Dead relocations in .debug_line due to non-prevailing COMDATs is not special cased like ICF. COMDATs usually have the same file:line (in a common .h) There is no loss of debugging experience.

In few cases two translation units may define a inline function in different places. In that case, we never have any GNU ld PRETEND logic (https://sourceware.org/pipermail/binutils/2020-June/111784.html ). Setting a breakpoint on a non-prevailing function never works. This patch doesn't change anything. This should already been clear in debug-dead-reloc-32.s, so I don't think an additional test for .debug_line is necessary.

jhenderson accepted this revision.Wed, Jul 1, 12:45 AM

Two nits, otherwise LGTM, but might be worth getting others to confirm they're happy with the behaviour too.

lld/ELF/InputSection.cpp
932

Nit: So -> so

lld/test/ELF/debug-dead-reloc-icf.s
32

Nit: missing trailing full stop.

This revision is now accepted and ready to land.Wed, Jul 1, 12:45 AM

I agree that being able to set a breakpoint on each different source of an ICF is useful, and that the COMDAT case typically has the same source and can use the tombstone.
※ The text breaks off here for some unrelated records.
lemma sym_vec_orthogonal:
  assumes "d \<ge> 3"
  shows "(\<Sum>i\<le>d. sym_vec d i) = 0" "(\<Sum>i\<le>d. of_nat i * sym_vec d i) = 0"
proof -
  define x :: complex where "x = of_nat d"
  define c where "c = - 2 / (x - 1)"
  have "x - 1 \<noteq> 0"
    using of_nat_ge_3_nonzero[OF assms x_def] by simp
  then have c: "c * (x - 1) = - 2"
    by (simp add: c_def divide_simps)
  have "(\<Sum>i\<le>d. sym_vec d i) = (\<Sum>i\<le>d. if i = 0 then 1 else if i = d then 1 else c)"
    unfolding sym_vec_def c_def x_def ..
  also have "\<dots> = 2 + (x + 1) * c - 2 * c"
    using assms by (simp add: sum_atMost_override_ends x_def)
  also have "\<dots> = 0"
    using c by (simp add: algebra_simps)
  finally show "(\<Sum>i\<le>d. sym_vec d i) = 0" .
  have "(\<Sum>i\<le>d. of_nat i * sym_vec d i) = (\<Sum>i\<le>d. if i = 0 then 0 else if i = d then x else c * of_nat i)"
    unfolding sym_vec_def c_def x_def by (rule sum.cong) simp_all
  also have "\<dots> = x + c * (x * (x + 1) / 2) - c * x"
    using assms by (simp add: sum_atMost_override_ends sum_distrib_left[symmetric] sum_of_nat_atMost x_def)
  also have "\<dots> = x + x * (c * (x - 1)) / 2"
    by (simp add: field_simps)
  also have "\<dots> = 0"
    using c by simp
  finally show "(\<Sum>i\<le>d. of_nat i * sym_vec d i) = 0" .
qed

lemma antisym_vec_orthogonal:
  assumes "d \<ge> 3"
  shows "(\<Sum>i\<le>d. antisym_vec d i) = 0" "(\<Sum>i\<le>d. of_nat i * antisym_vec d i) = 0"
proof -
  define x :: complex where "x = of_nat d"
  define c where "c = 6 / ((x - 1) * (x - 2))"
  have "(x - 1) * (x - 2) \<noteq> 0"
    using of_nat_ge_3_nonzero[OF assms x_def] by simp
  then have c: "c * ((x - 1) * (x - 2)) = 6"
    by (simp add: c_def)
  have "(\<Sum>i\<le>d. antisym_vec d i)
      = (\<Sum>i\<le>d. if i = 0 then 1 else if i = d then - 1 else c * (2 * of_nat i - x))"
    unfolding antisym_vec_def c_def x_def ..
  also have "\<dots> = c * (2 * (\<Sum>i\<le>d. of_nat i) - (x + 1) * x) + c * x - c * x"
    using assms
    by (simp add: sum_atMost_override_ends sum_distrib_left[symmetric] sum_distrib_right[symmetric]
        sum_subtractf x_def algebra_simps)
  also have "\<dots> = 0"
    by (simp add: sum_of_nat_atMost x_def algebra_simps)
  finally show "(\<Sum>i\<le>d. antisym_vec d i) = 0" .
  have "(\<Sum>i\<le>d. of_nat i * antisym_vec d i)
      = (\<Sum>i\<le>d. if i = 0 then 0 else if i = d then - x else c * (2 * (of_nat i)\<^sup>2 - x * of_nat i))"
    unfolding antisym_vec_def c_def x_def
    by (rule sum.cong) (simp_all add: power2_eq_square algebra_simps)
  also have "\<dots> = - x + (\<Sum>i\<le>d. c * (2 * (of_nat i)\<^sup>2 - x * of_nat i)) - c * x\<^sup>2"
    using assms sum_atMost_override_ends[of d 0 "- x" "\<lambda>i. c * (2 * (of_nat i)\<^sup>2 - x * of_nat i)"]
    by (simp add: x_def power2_eq_square algebra_simps)
  also have "\<dots> = - x + c * (2 * (\<Sum>i\<le>d. (of_nat i)\<^sup>2) - x * (\<Sum>i\<le>d. of_nat i)) - c * x\<^sup>2"
    by (simp add: sum_subtractf sum_distrib_left algebra_simps)
  also have "\<dots> = - x + x * (c * ((x - 1) * (x - 2))) / 6"
    unfolding sum_of_nat_atMost sum_of_nat_sq_atMost x_def[symmetric]
    by (simp add: field_simps power2_eq_square)
  also have "\<dots> = 0"
    using c by simp
  finally show "(\<Sum>i\<le>d. of_nat i * antisym_vec d i) = 0" .
qed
MaskRay marked 2 inline comments as done.Wed, Jul 1, 11:05 AM
MaskRay added inline comments.
lld/test/ELF/debug-dead-reloc-icf.s
32

I usually tend to omit the trailing period if it would become part of a section name as it causes some confusion (for example .text.hot. can be produced by clang PGO after D79600)...

MaskRay updated this revision to Diff 274877.Wed, Jul 1, 11:05 AM

Fix a comment

@dblaikie Dave, are you ok with this change as well?
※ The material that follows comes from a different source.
(* Fix integers $m \ge 1$ and $n_1,\dots,n_m \ge 2$, and consider the $m$-dimensional single parity-check product code of dimension $k = \prod_{\ell=1}^m (n_\ell-1)$, transmitted over the binary erasure channel with erasure probability $\epsilon \in [0,1]$ and decoded with Elias' decoder (see context). Let $P_{\mathrm{E}}$ denote the resulting block error probability. Define $\epsilon_0 = \epsilon$ and \[ \epsilon_\ell = \epsilon_{\ell-1}\left(1-(1-\epsilon_{\ell-1})^{n_\ell-1}\right) \quad \text{for } \ell = 1,\dots,m, \] and set $q_{\max} = \epsilon_m$. Then \[ q_{\max} \le P_{\mathrm{E}} \le k\, q_{\max}. \]
   Context: Index set and code. Let $A = \{1,\dots,n_1\}\times\cdots\times\{1,\dots,n_m\}$. The single parity-check product code is the set of binary arrays $x: A \to \{0,1\}$ in which every line in every direction $\ell$ has even weight; a line in direction $\ell$ is obtained by fixing all coordinates except the $\ell$-th. The information positions are $A_{\mathrm{info}} = \{a : a_\ell \le n_\ell-1 \text{ for all } \ell\}$, and a codeword is determined by its entries there. Channel. Each entry is independently erased with probability $\epsilon$ and otherwise received correctly. Notation. For $\ell = 0,\dots,m$ let $A_\ell = \{a \in A : a_i \le n_i-1 \text{ for } i \le \ell\}$. For $a \in A$ and $b \in \{1,\dots,n_\ell\}$, let $a[\ell\leftarrow b]$ denote $a$ with its $\ell$-th coordinate replaced by $b$. Elias' decoder. This decoder processes dimensions $1$ to $m$ in one sweep, applying local SPC decoding to each line. $E_0(a)$ is true iff entry $a$ is not erased. For $\ell \ge 1$ and $a \in A_\ell$, $E_\ell(a)$ is true iff $E_{\ell-1}(a)$ is true, or $E_{\ell-1}(a[\ell\leftarrow b])$ is true for every $b \ne a_\ell$ with $1 \le b \le n_\ell$. The information bit at $a$ is recovered iff $E_m(a)$ is true, and erased otherwise; the decoder never makes a wrong decision. A block error occurs iff some $a \in A_{\mathrm{info}}$ has $E_m(a)$ false, and $P_{\mathrm{E}}$ is the probability of this event. *)

theory Defs
  imports "HOL-Analysis.Analysis"
begin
dblaikie accepted this revision.Wed, Jul 1, 11:50 AM

@dblaikie Dave, are you ok with this change as well?

Sure! Not the biggest fan, personally, of these layered special cases - but equally if Sony's been shipping with it/demonstrates practical usefulness, etc, I won't stand in the way & can appreciate the practical benefits.
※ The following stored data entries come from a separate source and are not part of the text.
definition inner_alg :: "nat \<Rightarrow> 'k::field mm_coeffs" where
  "inner_alg k =
     (let T334 = decode 3 4 alg_334; T344 = decode 4 4 alg_344; T444 = decode 4 4 alg_444
      in [rotate_coeffs T334, rotate_coeffs (rotate_coeffs T344), rotate_coeffs T344,
          rotate_coeffs (rotate_coeffs T334), T344, T444, T334] ! k)"

lemma mm_algorithm_inner_alg:
  "\<forall>k<7. mm_algorithm (inner_rows k) (inner_mid k) (inner_cols k) (inner_rank k) (inner_alg k :: 'k::field mm_coeffs)"
  using mm_algorithm_334 mm_algorithm_344 mm_algorithm_444
    mm_algorithm_rotate[OF mm_algorithm_334] mm_algorithm_rotate[OF mm_algorithm_rotate[OF mm_algorithm_334]]
    mm_algorithm_rotate[OF mm_algorithm_344] mm_algorithm_rotate[OF mm_algorithm_rotate[OF mm_algorithm_344]]
  by (simp add: less_Suc_eq numeral_eq_Suc all_conj_distrib inner_rows_def inner_mid_def inner_cols_def
      inner_rank_def inner_alg_def Let_def)

lemma block_split_3_4: "block_split 7 2 (\<lambda>I. if I = 0 then 3 else 4) (split_two_blocks 3)"
  using block_split_two_blocks[of 3 4] by simp

lemma block_split_4_3: "block_split 7 2 (\<lambda>I. if I = 0 then 4 else 3) (split_two_blocks 4)"
  using block_split_two_blocks[of 4 3] by simp

lemma alg_222_fit_rows:
  "\<forall>k<7. \<forall>I<2. \<forall>I'<2. \<forall>J<2. \<forall>L<2. decode_A 2 alg_222 k I' J \<noteq> (0::'k::field) \<longrightarrow>
     decode_C 2 alg_222 k I L \<noteq> (0::'k) \<longrightarrow>
     min (if I = 0 then 3 else 4) (if I' = 0 then 3 else 4) \<le> inner_rows k"
  by (simp add: less_Suc_eq numeral_eq_Suc all_conj_distrib decode_A_def decode_C_def alg_222_def inner_rows_def)

lemma alg_222_fit_mid:
  "\<forall>k<7. \<forall>J<2. \<forall>J'<2. \<forall>I<2. \<forall>L<2. decode_A 2 alg_222 k I J \<noteq> (0::'k::field) \<longrightarrow>
     decode_B 2 alg_222 k J' L \<noteq> (0::'k) \<longrightarrow>
     min (if J = 0 then 3 else 4) (if J' = 0 then 3 else 4) \<le> inner_mid k"
  by (simp add: less_Suc_eq numeral_eq_Suc all_conj_distrib decode_A_def decode_B_def alg_222_def inner_mid_def)

lemma alg_222_fit_cols:
  "\<forall>k<7. \<forall>L<2. \<forall>L'<2. \<forall>I<2. \<forall>J<2. decode_B 2 alg_222 k J L' \<noteq> (0::'k::field) \<longrightarrow>
     decode_C 2 alg_222 k I L \<noteq> (0::'k) \<longrightarrow>
     min (if L = 0 then 4 else 3) (if L' = 0 then 4 else 3) \<le> inner_cols k"
  by (simp add: less_Suc_eq numeral_eq_Suc all_conj_distrib decode_B_def decode_C_def alg_222_def inner_cols_def)

theorem mainTheorem2:
  shows "mm_rank TYPE('k::field) 7 7 7 \<le> 250"
  using mm_rank_le[OF mm_algorithm_compose_blocks[OF mm_algorithm_222 mm_algorithm_inner_alg
      block_split_3_4 block_split_3_4 block_split_4_3 alg_222_fit_rows alg_222_fit_mid alg_222_fit_cols]]
  by (simp add: inner_rank_def numeral_eq_Suc)

end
MaskRay edited the summary of this revision. (Show Details)Wed, Jul 1, 1:29 PM

@dblaikie Dave, are you ok with this change as well?

Sure! Not the biggest fan, personally, of these layered special cases - but equally if Sony's been shipping with it/demonstrates practical usefulness, etc, I won't stand in the way & can appreciate the practical benefits.

For COMDAT, there is a prevailing (canonical) group. Usually the file:line is the same. For ICF, every function should be equal. If a function can't be set breakpoint just because the linker does not select it as the canonical one, the lost debugging experience looks genuine to me. Just committed https://sourceware.org/git/?p=binutils-gdb.git;a=commit;h=a8caed5d7faa639a1e6769eba551d15d8ddd9510 (woohoo! my first gdb patch) before it, the experience was even less pleasant because gdb would keep warning when you hit continue

Warning:
Cannot insert breakpoint 1.
Cannot access memory at address 0x6
This revision was automatically updated to reflect the committed changes.

Hello, this seems to increase runtime of some dwarf processing tools for us by several orders of magnitude (from "terminate in a few minutes" to "don't know how long they terminate; not before our timeouts"). https://bugs.chromium.org/p/chromium/issues/detail?id=1102223#c5 has repro steps.

Can we revert this and analyze async?

Hello, this seems to increase runtime of some dwarf processing tools for us by several orders of magnitude (from "terminate in a few minutes" to "don't know how long they terminate; not before our timeouts"). https://bugs.chromium.org/p/chromium/issues/detail?id=1102223#c5 has repro steps.

Can we revert this and analyze async?

I don't think this is LLD's problem. I'd rather add an option --dead-reloc-addend='.debug_*=0xffffffffffffffff', probably temporarily.